Daily Development for
Monday, December 14, 1998
by: Patrick A. Randolph, Jr.
Professor of Law
UMKC School of Law
Of Counsel: Blackwell Sanders Peper Martin
Kansas City, Missouri
randolphp@umkc.edu
COTENANCIES; PARTITION; MORTGAGES: Where a mortgage attaches to a cotenant's interest after a partition has been ordered, the property may be sold free and clear of the mortgage claim but the mortgage will attach to the cotenant's share of the proceeds.
Ponton v. Poisson, 709 A.2d 1047 (R.I. 1998).
The parties were joint tenants in the subject property during the course of their marriage. They were divorced, but apparently no partition occurred at that time. A few years later, one of the parties petitioned for partition. The court entered an order appointing a commissioner to carry out a partition by sale. At the time, both parties were engaged in a business and the business. While the partition proceeding was pending and after the appointment of the commissioner, the business entered into a lease and guaranteed the business' lease obligations through mortgages on only one of the cotenants' interests.
Shortly thereafter, and again before the sale, the business apparently went bankrupt and a trustee in bankruptcy disputed in the partition proceedings the validity of the mortgages on the property (for reasons not disclosed in this case. The trial court found the mortgages valid. To facilitate the sale of the property pending the trustee's appeal of the trial court's ruling, the mortgagee agreed to discharge its mortgages on the real estate and reaattach them, if they proved valid, to the sale proceeds.
The Rhode Island Supreme Court viewed this case as one of first impression in Rhode Island, but relied upon an ALR annotation as stating the general rules pertaining to the situation. It held that the mortgage on one cotenant's interest could attach to that interest following the entry of an order of partition, but that the attachment was subordinate to the partition itself, and the effect of the mortgage was to attach the proceeds of the partition only.

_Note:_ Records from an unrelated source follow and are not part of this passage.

lemma opnorm2_add_eq_if_conj_common_column:
  assumes "unitary2 U" and "norm v = 1" and "0 \<le> a" and "0 \<le> b"
    and "(cadj U ** A ** U) *v vec2 1 0 = a *\<^sub>R v" and "(cadj U ** B ** U) *v vec2 1 0 = b *\<^sub>R v"
    and "opnorm2 (cadj U ** A ** U) \<le> a" and "opnorm2 (cadj U ** B ** U) \<le> b"
  shows "opnorm2 (A + B) = opnorm2 A + opnorm2 B"
proof -
  have "norm (U *v vec2 1 0) = 1" and "norm (U *v v) = 1"
    using assms(1,2) by (simp_all add: norm_unitary2_mult norm_vec2)
  moreover have "A *v (U *v vec2 1 0) = a *\<^sub>R (U *v v)" and "B *v (U *v vec2 1 0) = b *\<^sub>R (U *v v)"
    using assms(1,5,6) by (simp_all add: conj_unitary2_mult_vec cmat2_mult_scaleR)
  moreover have "opnorm2 A \<le> a" and "opnorm2 B \<le> b"
    using assms(1,7,8) by (simp_all add: opnorm2_conj)
  ultimately show ?thesis
    using assms(3,4) by (blast intro: opnorm2_add_eq_if_common_extremal)
qed
text \<open>Clebsch-Gordan coefficient C^{J M}_{j1 m1, j2 m2} (Racah's formula), all arguments
doubled: cg tj1 tm1 tj2 tm2 tJ tM with tj1 = 2 j1 etc.  It is zero unless the quantum
numbers are admissible.\<close>
definition cg :: "int \<Rightarrow> int \<Rightarrow> int \<Rightarrow> int \<Rightarrow> int \<Rightarrow> int \<Rightarrow> real" where
  "cg tj1 tm1 tj2 tm2 tJ tM =
    (if tM = tm1 + tm2 \<and> 0 \<le> tj1 \<and> 0 \<le> tj2 \<and> 0 \<le> tJ
        \<and> \<bar>tm1\<bar> \<le> tj1 \<and> \<bar>tm2\<bar> \<le> tj2 \<and> \<bar>tM\<bar> \<le> tJ
        \<and> even (tj1 + tm1) \<and> even (tj2 + tm2) \<and> even (tJ + tM)
        \<and> even (tj1 + tj2 + tJ)
        \<and> \<bar>tj1 - tj2\<bar> \<le> tJ \<and> tJ \<le> tj1 + tj2
     then
       sqrt ((of_int tJ + 1) * hfact (tJ + tj1 - tj2) * hfact (tJ - tj1 + tj2)
             * hfact (tj1 + tj2 - tJ) / hfact (tj1 + tj2 + tJ + 2))
       * sqrt (hfact (tJ + tM) * hfact (tJ - tM) * hfact (tj1 - tm1) * hfact (tj1 + tm1)
             * hfact (tj2 - tm2) * hfact (tj2 + tm2))
       * (\<Sum>s\<in>{s::int. 0 \<le> s \<and> 0 \<le> tj1 + tj2 - tJ - 2*s \<and> 0 \<le> tj1 - tm1 - 2*s
                  \<and> 0 \<le> tj2 + tm2 - 2*s \<and> 0 \<le> tJ - tj2 + tm1 + 2*s
                  \<and> 0 \<le> tJ - tj1 - tm2 + 2*s}.
           (-1) powi s / (hfact (2*s) * hfact (tj1 + tj2 - tJ - 2*s) * hfact (tj1 - tm1 - 2*s)
              * hfact (tj2 + tm2 - 2*s) * hfact (tJ - tj2 + tm1 + 2*s)
              * hfact (tJ - tj1 - tm2 + 2*s)))
     else 0)"
lemma is_action_orbit:
  fixes G (structure)
  assumes "group G" "is_action G E act" "x \<in> E"
  shows "is_action G ((\<lambda>g. act g x) ` carrier G) act"
proof -
  interpret group G by fact
  have "(\<lambda>g. act g x) ` carrier G \<subseteq> E"
    using assms(2,3) by (auto simp: is_action_def)
  moreover have "act g y \<in> (\<lambda>g. act g x) ` carrier G"
    if g: "g \<in> carrier G" and y: "y \<in> (\<lambda>g. act g x) ` carrier G" for g y
  proof -
    obtain k where "y = act k x" "k \<in> carrier G" using y by (rule imageE)
    then show ?thesis
      using assms(2,3) g by (intro image_eqI[of _ _ "g \<otimes> k"]) (simp_all add: is_action_def)
  qed
  ultimately show ?thesis
    using assms(2) unfolding is_action_def by blast
qed

lemma transitive_G_set_orbit:
  fixes G (structure)
  assumes "group G" "smooth_action G T E act" "x \<in> E"
  shows "transitive_G_set G T ((\<lambda>g. act g x) ` carrier G) act"
proof -
  interpret group G by fact
  let ?O = "(\<lambda>g. act g x) ` carrier G"
  have act: "is_action G E act" using assms(2) by (simp add: smooth_action_def)
  have "\<exists>h\<in>carrier G. act h y = y'" if y: "y \<in> ?O" and y': "y' \<in> ?O" for y y'
  proof -
    obtain g where g: "y = act g x" "g \<in> carrier G" using y by (rule imageE)
    obtain k where k: "y' = act k x" "k \<in> carrier G" using y' by (rule imageE)
    have "act (k \<otimes> inv g) y = y'"
      using act assms(3) g k is_action_inv_cancel[OF assms(1) act g(2) assms(3)]
      by (simp add: is_action_def)
    then show ?thesis using g(2) k(2) by blast
  qed
  moreover have "?O \<subseteq> E"
    using act assms(3) by (auto simp: is_action_def)
  ultimately show ?thesis
    using assms(2) is_action_orbit[OF assms(1) act assms(3)]
    by (auto simp: transitive_G_set_def smooth_action_def transitive_action_def)
qed

lemma prod_action_apply [simp]: "prod_action a b (g, h) (x, y) = (a g x, b h y)"
  by (simp add: prod_action_def)

lemma is_action_prod_action:
  assumes "is_action G X a" "is_action H Y b"
  shows "is_action (G \<times>\<times> H) (X \<times> Y) (prod_action a b)"
  using assms unfolding is_action_def by (intro conjI ballI; clarsimp)

lemma transitive_action_prod_action:
  assumes "transitive_action G X a" "transitive_action H Y b"
  shows "transitive_action (G \<times>\<times> H) (X \<times> Y) (prod_action a b)"
  unfolding transitive_action_def
proof (intro conjI ballI)
  show "X \<times> Y \<noteq> {}" using assms by (simp add: transitive_action_def)
next
  fix p q assume "p \<in> X \<times> Y" "q \<in> X \<times> Y"
  then obtain x y x' y' where xy: "p = (x, y)" "q = (x', y')" "x \<in> X" "y \<in> Y" "x' \<in> X" "y' \<in> Y"
    by blast
  obtain g where "g \<in> carrier G" "a g x = x'"
    using assms(1) xy unfolding transitive_action_def by blast
  moreover obtain h where "h \<in> carrier H" "b h y = y'"
    using assms(2) xy unfolding transitive_action_def by blast
  ultimately show "\<exists>gh\<in>carrier (G \<times>\<times> H). prod_action a b gh p = q"
    using xy by (intro bexI[of _ "(g, h)"]) simp_all
qed

lemma smooth_action_DirProd_factors:
  assumes "smooth_action (G \<times>\<times> H) (prod_topology T S) Z act" "group G" "group H"
    and "topspace T = carrier G" "topspace S = carrier H"
  shows "smooth_action G T Z (\<lambda>g. act (g, \<one>\<^bsub>H\<^esub>))" "smooth_action H S Z (\<lambda>h. act (\<one>\<^bsub>G\<^esub>, h))"
proof -
  interpret G: group G by fact
  interpret H: group H by fact
  have "group_hom G (G \<times>\<times> H) (\<lambda>g. (g, \<one>\<^bsub>H\<^esub>))" "group_hom H (G \<times>\<times> H) (\<lambda>h. (\<one>\<^bsub>G\<^esub>, h))"
    using DirProd_group[OF assms(2,3)] by (auto simp: group_hom_def group_hom_axioms_def hom_def)
  moreover have "continuous_map T (prod_topology T S) (\<lambda>g. (g, \<one>\<^bsub>H\<^esub>))"
    "continuous_map S (prod_topology T S) (\<lambda>h. (\<one>\<^bsub>G\<^esub>, h))"
    using assms(4,5) by (auto intro!: continuous_map_pairedI)
  ultimately show "smooth_action G T Z (\<lambda>g. act (g, \<one>\<^bsub>H\<^esub>))" "smooth_action H S Z (\<lambda>h. act (\<one>\<^bsub>G\<^esub>, h))"
    using assms(4,5) by (auto intro!: smooth_action_pullback[OF assms(1)])
qed

lemma G_set_iso_if_same_stabilizer:
  fixes G (structure)
  assumes "group G"
    and act: "is_action G E act" "transitive_action G E act" "x \<in> E"
    and act': "is_action G E' act'" "transitive_action G E' act'" "x' \<in> E'"
    and stab: "\<And>g. g \<in> carrier G \<Longrightarrow> act g x = x \<longleftrightarrow> act' g x' = x'"
  shows "G_set_iso G E act E' act'"
proof -
  interpret group G by fact
  have same: "act g x = act k x \<longleftrightarrow> act' g x' = act' k x'" if "g \<in> carrier G" "k \<in> carrier G" for g k
    using is_action_eq_iff[OF \<open>group G\<close> act(1) that act(3)]
      is_action_eq_iff[OF \<open>group G\<close> act'(1) that act'(3)] stab that by simp
  have E: "E = (\<lambda>g. act g x) ` carrier G"
    by (rule transitive_action_orbit[OF act(2,1,3)])
  have E': "E' = (\<lambda>g. act' g x') ` carrier G"
    by (rule transitive_action_orbit[OF act'(2,1,3)])
  define f where "f z = act' (SOME g. g \<in> carrier G \<and> act g x = z) x'" for z
  have f: "f (act g x) = act' g x'" if "g \<in> carrier G" for g
  proof -
    let ?k = "SOME k. k \<in> carrier G \<and> act k x = act g x"
    have "?k \<in> carrier G \<and> act ?k x = act g x"
      by (rule someI[where P = "\<lambda>k. k \<in> carrier G \<and> act k x = act g x" and x = g]) (simp add: that)
    then show ?thesis using same[of ?k g] that by (simp add: f_def)
  qed
  have "inj_on f E"
  proof (rule inj_onI)
    fix y y' assume "y \<in> E" "y' \<in> E" "f y = f y'"
    obtain g where g: "y = act g x" "g \<in> carrier G" using \<open>y \<in> E\<close> unfolding E by (rule imageE)
    obtain k where k: "y' = act k x" "k \<in> carrier G" using \<open>y' \<in> E\<close> unfolding E by (rule imageE)
    show "y = y'" using \<open>f y = f y'\<close> f same g k by simp
  qed
  moreover have "f ` E = E'"
  proof -
    have "f ` E = (\<lambda>g. f (act g x)) ` carrier G" unfolding E by (simp add: image_image)
    also have "\<dots> = E'" unfolding E' using f by (intro image_cong) simp_all
    finally show ?thesis .
  qed
  moreover have "f (act g y) = act' g (f y)" if "g \<in> carrier G" "y \<in> E" for g y
  proof -
    obtain k where k: "y = act k x" "k \<in> carrier G" using \<open>y \<in> E\<close> unfolding E by (rule imageE)
    then have "act g y = act (g \<otimes> k) x" "act' g (act' k x') = act' (g \<otimes> k) x'"
      using act(1,3) act'(1,3) \<open>g \<in> carrier G\<close> by (simp_all add: is_action_def)
    then show ?thesis using f k \<open>g \<in> carrier G\<close> by simp
  qed
  ultimately show ?thesis
    unfolding G_set_iso_def bij_betw_def by blast
qed

(* Stronger than the usual N(K) = K: only p K p^-1 <= K is assumed. *)
definition self_normalizing :: "('g, 'm) monoid_scheme \<Rightarrow> 'g set \<Rightarrow> bool" where
  "self_normalizing G K \<longleftrightarrow>
     (\<forall>p \<in> carrier G. (\<forall>k \<in> K. p \<otimes>\<^bsub>G\<^esub> k \<otimes>\<^bsub>G\<^esub> inv\<^bsub>G\<^esub> p \<in> K) \<longrightarrow> p \<in> K)"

Comment: The approach protects whatever reliance interest might exist in the other cotenant, who sought the partition prior to the granting of the mortgage, although such protection is somewhat anomalous in this case because the secured debt actually may be a debt of both cotenants, although only one of them gave a security interest.
If the mortgage is granted prior to the partition action, things get a lot stickier. Is this a severance? Some jurisdictions say yes, so that the mortgagee is protected in the event of the death of the mortgagor cotenant.
But this causes difficulty for the cotenants if the mortgagor later pay off the mortgage and the parties actually did intend to hold joint tenants and not as tenants in common. Therefore, other jurisdictions find no severance. A third school of thought finds a severance solely to the extent necessary to protect the mortgagee, and would not apply the severance to the properties following the discharge of the mortgage. The editor has questioned the notion of "protecting the mortgagee" here, since the mortgagee theoretically is or should be aware of the joint tenancy when it makes the loan, and consequently is undeserving of any special treatment that might limit the rights or expectations of the joint tenants.
But the case at hand is a much easier one, because the parties are already engaged in the process of separating their interests.